▶ WORK TO COMPLETE: The expected output is a verbatim reprint of the lines from the beginning of the data that follows through the line that contains "s\<close>, and since".
[SOURCE RECORDS — start]
definition funPsi :: "nat \<Rightarrow> (real \<Rightarrow> real) \<Rightarrow> (real \<Rightarrow> real) \<Rightarrow> real \<Rightarrow> real" where
  "funPsi n A \<phi> r = \<phi> (THE s. 0 \<le> s \<and> funJ n A \<phi> s = r)"

end

theory Submission
  imports Defs
begin

text \<open>Given \<open>s, t > 0\<close>, write \<open>st = J(u) = u b\<close> with \<open>B(b) = \<phi>(u)/u\<^sup>n\<close>, so that
  \<open>\<psi>(st) = \<phi>(u) = u\<^sup>n B(b)\<close>. If \<open>u \<le> t\<close> then \<open>\<psi>(st) \<le> \<phi>(t)\<close>; otherwise \<open>b < s\<close>, and since
  \<open>B(b)/b\<^sup>n\<close> is non-decreasing, \<open>u\<^sup>n B(b) \<le> u\<^sup>n b\<^sup>n B(s)/s\<^sup>n = t\<^sup>n B(s)\<close>.

  Making \<open>J\<close> a bijection of \<open>(0,\<infinity>)\<close> requires \<open>B\<close> to be continuous, with \<open>B(b)/b\<^sup>n\<close> strictly
  increasing where \<open>B > 0\<close> and tending to \<open>0\<close> at \<open>0\<close>. For \<open>n = 1\<close> this follows from convexity of \<open>A\<close>
  and (C3). For \<open>n \<ge> 2\<close>, \<open>B\<close> is the Young conjugate of
  \<open>E(\<sigma>) = \<sigma>\<^bsup>n'\<^esup> \<integral>\<^sub>\<sigma>\<^sup>\<infinity> Atilde(s) s\<^bsup>-1-n'\<^esup> ds\<close>: (C1) makes \<open>E\<close> finite, the substitution
  \<open>\<sigma> \<mapsto> l\<^sup>n\<^sup>-\<^sup>1\<sigma>\<close> gives \<open>E(l\<^sup>n\<^sup>-\<^sup>1\<sigma>) \<ge> l\<^sup>n E(\<sigma>)\<close> and hence \<open>B(l y) \<le> l\<^sup>n B(y)\<close> for \<open>l \<le> 1\<close>, and
  (C3) makes \<open>E(\<sigma>)/\<sigma>\<^bsup>n'\<^esup>\<close> unbounded as \<open>\<sigma> \<rightarrow> 0\<close>, which yields \<open>B(b)/b\<^sup>n \<rightarrow> 0\<close>.\<close>

section \<open>The inequality for an abstract \<open>B\<close>\<close>

text \<open>The properties of \<open>B\<close> that the argument uses; \<open>B = A\<close> for \<open>n = 1\<close> and
  \<open>B = young_C123.B_real\<close> for \<open>n \<ge> 2\<close>.\<close>
locale regular_B =
  fixes n :: nat and A B :: "real \<Rightarrow> real"
  assumes n_ge_1: "n \<ge> 1"
    and funB_eq: "t \<ge> 0 \<Longrightarrow> funB n A t = ennreal (B t)"
    and B_nonneg: "t \<ge> 0 \<Longrightarrow> B t \<ge> 0"
    and B_0: "B 0 = 0"
    and continuous_on_B: "continuous_on {0..} B"
    and B_ratio_mono: "0 < x \<Longrightarrow> x \<le> y \<Longrightarrow> B x * y ^ n \<le> x ^ n * B y"
    and B_ratio_strict_mono: "0 < x \<Longrightarrow> x < y \<Longrightarrow> B y > 0 \<Longrightarrow> B x * y ^ n < x ^ n * B y"
    and B_nontrivial: "\<exists>y>0. B y > 0"
    and B_ratio_tendsto_0: "((\<lambda>b. B b / b ^ n) \<longlongrightarrow> 0) (at_right 0)"
begin

lemma B_mono:
  assumes "0 \<le> x" "x \<le> y"
  shows "B x \<le> B y"
proof (cases "x = 0")
  case True
  then show ?thesis using B_0 B_nonneg assms by auto
next
  case False
  then have "B x * y ^ n \<le> x ^ n * B y" using B_ratio_mono assms by auto
  also have "\<dots> \<le> y ^ n * B y"
    using B_nonneg[of y] assms by (intro mult_right_mono power_mono) auto
  finally show ?thesis using False assms by (simp add: mult.commute)
qed

lemma B_strict_mono:
  assumes "0 < x" "x < y" "B y > 0"
  shows "B x < B y"
proof -
  have "B x * y ^ n < x ^ n * B y" using B_ratio_strict_mono assms by auto
  also have "\<dots> \<le> y ^ n * B y" using assms by (intro mult_right_mono power_mono) auto
  finally show ?thesis using assms by (simp add: mult.commute)
qed

lemma B_power_growth:
  assumes "0 < y" "y \<le> b"
  shows "B y * (b / y) ^ n \<le> B b"
  using B_ratio_mono[OF assms] assms by (simp add: field_simps power_divide)

lemma B_linear_growth:
  assumes "0 < y" "y \<le> b"
  shows "B y * (b / y) \<le> B b"
proof -
  have "b / y \<le> (b / y) ^ n"
    using assms n_ge_1 by (metis One_nat_def le_divide_eq_1_pos power_increasing power_one_right)
  then have "B y * (b / y) \<le> B y * (b / y) ^ n"
    using B_nonneg[of y] assms by (intro mult_left_mono) auto
  with B_power_growth[OF assms] show ?thesis by linarith
qed

lemma funB_inv_eq_Sup:
  assumes "r \<ge> 0"
  shows "funB_inv n A r = Sup ({0..} \<inter> B -` {..r})"
proof -
  have "{t. 0 \<le> t \<and> funB n A t \<le> ennreal r} = {0..} \<inter> B -` {..r}"
    using assms by (auto simp: funB_eq B_nonneg)
  then show ?thesis unfolding funB_inv_def by simp
qed

text \<open>For \<open>r > 0\<close> the sublevel set \<open>{B \<le> r}\<close> is a compact interval \<open>[0, b]\<close>, and continuity
  forces \<open>B b = r\<close>.\<close>
lemma B_funB_inv:
  assumes r: "r > 0"
  shows "B (funB_inv n A r) = r" "funB_inv n A r > 0"
proof -
  define S where "S = {0..} \<inter> B -` {..r}"
  obtain y where y: "y > 0" "B y > 0" using B_nontrivial by blast
  have bounded: "t \<le> max y (r * y / B y)" if "t \<in> S" for t
  proof (cases "t \<le> y")
    case False
    then have "B y * (t / y) \<le> r" using B_linear_growth[of y t] that y unfolding S_def by auto
    then have "t \<le> r * y / B y" using y by (simp add: field_simps)
    then show ?thesis by simp
  qed simp
  have "0 \<in> S" using B_0 r unfolding S_def by auto
  moreover have "bdd_above S" using bounded by (rule bdd_aboveI)
  moreover have "closed S" unfolding S_def
    by (rule continuous_closed_preimage[OF continuous_on_B]) auto
  ultimately have "Sup S \<in> S" using closed_contains_Sup by blast
  have b: "funB_inv n A r = Sup S" unfolding S_def using funB_inv_eq_Sup r by simp
  have b_nonneg: "funB_inv n A r \<ge> 0" and le: "B (funB_inv n A r) \<le> r"
    using \<open>Sup S \<in> S\<close> b unfolding S_def by auto
  have "B x > r" if "x > funB_inv n A r" for x
    using that b b_nonneg cSup_upper[OF _ \<open>bdd_above S\<close>, of x] unfolding S_def by force
  then have "eventually (\<lambda>x. r \<le> B x) (at_right (funB_inv n A r))"
    by (auto simp: eventually_at_right_field intro!: exI[of _ "funB_inv n A r + 1"] less_imp_le)
  moreover have "(B \<longlongrightarrow> B (funB_inv n A r)) (at_right (funB_inv n A r))"
    using continuous_on_B b_nonneg unfolding continuous_on_def
    by (auto intro: tendsto_within_subset)
  ultimately have "r \<le> B (funB_inv n A r)" by (intro tendsto_lowerbound) auto
  with le show "B (funB_inv n A r) = r" by simp
  with B_0 r b_nonneg show "funB_inv n A r > 0" by (cases "funB_inv n A r = 0") auto
qed

lemma funB_inv_B:
  assumes "b > 0" "B b > 0"
  shows "funB_inv n A (B b) = b"
  using B_funB_inv[OF assms(2)] B_strict_mono[of "funB_inv n A (B b)" b]
    B_strict_mono[of b "funB_inv n A (B b)"] assms
  by (metis linorder_neqE_linordered_idom order_less_irrefl)

lemma isCont_funB_inv:
  assumes r: "r > 0"
  shows "isCont (funB_inv n A) r"
proof -
  define c d where "c = funB_inv n A (r/2)" and "d = funB_inv n A (2*r)"
  have c: "B c = r/2" "c > 0" and d: "B d = 2*r" "d > 0"
    using B_funB_inv[of "r/2"] B_funB_inv[of "2*r"] r unfolding c_def d_def by auto
  have "c \<le> d" using B_mono[of d c] c d r by force
  have "continuous_on (B ` {c..d}) (funB_inv n A)"
  proof (rule continuous_on_inv)
    show "continuous_on {c..d} B" by (rule continuous_on_subset[OF continuous_on_B]) (use c in auto)
    show "\<forall>x\<in>{c..d}. funB_inv n A (B x) = x"
      using B_mono[of c] funB_inv_B c r by force
  qed auto
  moreover have "{r/2<..<2*r} \<subseteq> B ` {c..d}"
  proof
    fix s assume "s \<in> {r/2<..<2*r}"
    then have "\<exists>x. c \<le> x \<and> x \<le> d \<and> B x = s"
      using c d \<open>c \<le> d\<close> by (intro IVT' continuous_on_subset[OF continuous_on_B]) auto
    then show "s \<in> B ` {c..d}" by auto
  qed
  ultimately have "continuous_on {r/2<..<2*r} (funB_inv n A)" by (rule continuous_on_subset)
  then show ?thesis using r by (subst (asm) continuous_on_eq_continuous_at) auto
qed

end

lemma gauge_functionD:
  assumes "gauge_function n \<phi>"
  shows "mono_on {0..} \<phi>" "continuous_on {0..} \<phi>" "\<phi> 0 = 0" "r > 0 \<Longrightarrow> \<phi> r > 0"
  using assms unfolding gauge_function_def by auto

locale regular_B_gauge = regular_B +
  fixes \<phi> :: "real \<Rightarrow> real"
  assumes gauge: "gauge_function n \<phi>"
begin

lemma phi_mono: "0 \<le> x \<Longrightarrow> x \<le> y \<Longrightarrow> \<phi> x \<le> \<phi> y"
  using gauge_functionD(1)[OF gauge] by (auto simp: mono_on_def)

lemmas phi_pos = gauge_functionD(4)[OF gauge]

lemma B_funB_inv_phi:
  assumes "u > 0"
  shows "B (funB_inv n A (\<phi> u / u ^ n)) = \<phi> u / u ^ n" "funB_inv n A (\<phi> u / u ^ n) > 0"
  using B_funB_inv[of "\<phi> u / u ^ n"] phi_pos[OF assms] assms by auto

lemma funJ_eq: "u > 0 \<Longrightarrow> funJ n A \<phi> u = u * funB_inv n A (\<phi> u / u ^ n)"
  unfolding funJ_def by simp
[SOURCE RECORDS — finish]
▶ TASK RESPONSE:
definition funPsi :: "nat \<Rightarrow> (real \<Rightarrow> real) \<Rightarrow> (real \<Rightarrow> real) \<Rightarrow> real \<Rightarrow> real" where
  "funPsi n A \<phi> r = \<phi> (THE s. 0 \<le> s \<and> funJ n A \<phi> s = r)"

end

theory Submission
  imports Defs
begin

text \<open>Given \<open>s, t > 0\<close>, write \<open>st = J(u) = u b\<close> with \<open>B(b) = \<phi>(u)/u\<^sup>n\<close>, so that
  \<open>\<psi>(st) = \<phi>(u) = u\<^sup>n B(b)\<close>. If \<open>u \<le> t\<close> then \<open>\<psi>(st) \<le> \<phi>(t)\<close>; otherwise \<open>b < s\<close>, and since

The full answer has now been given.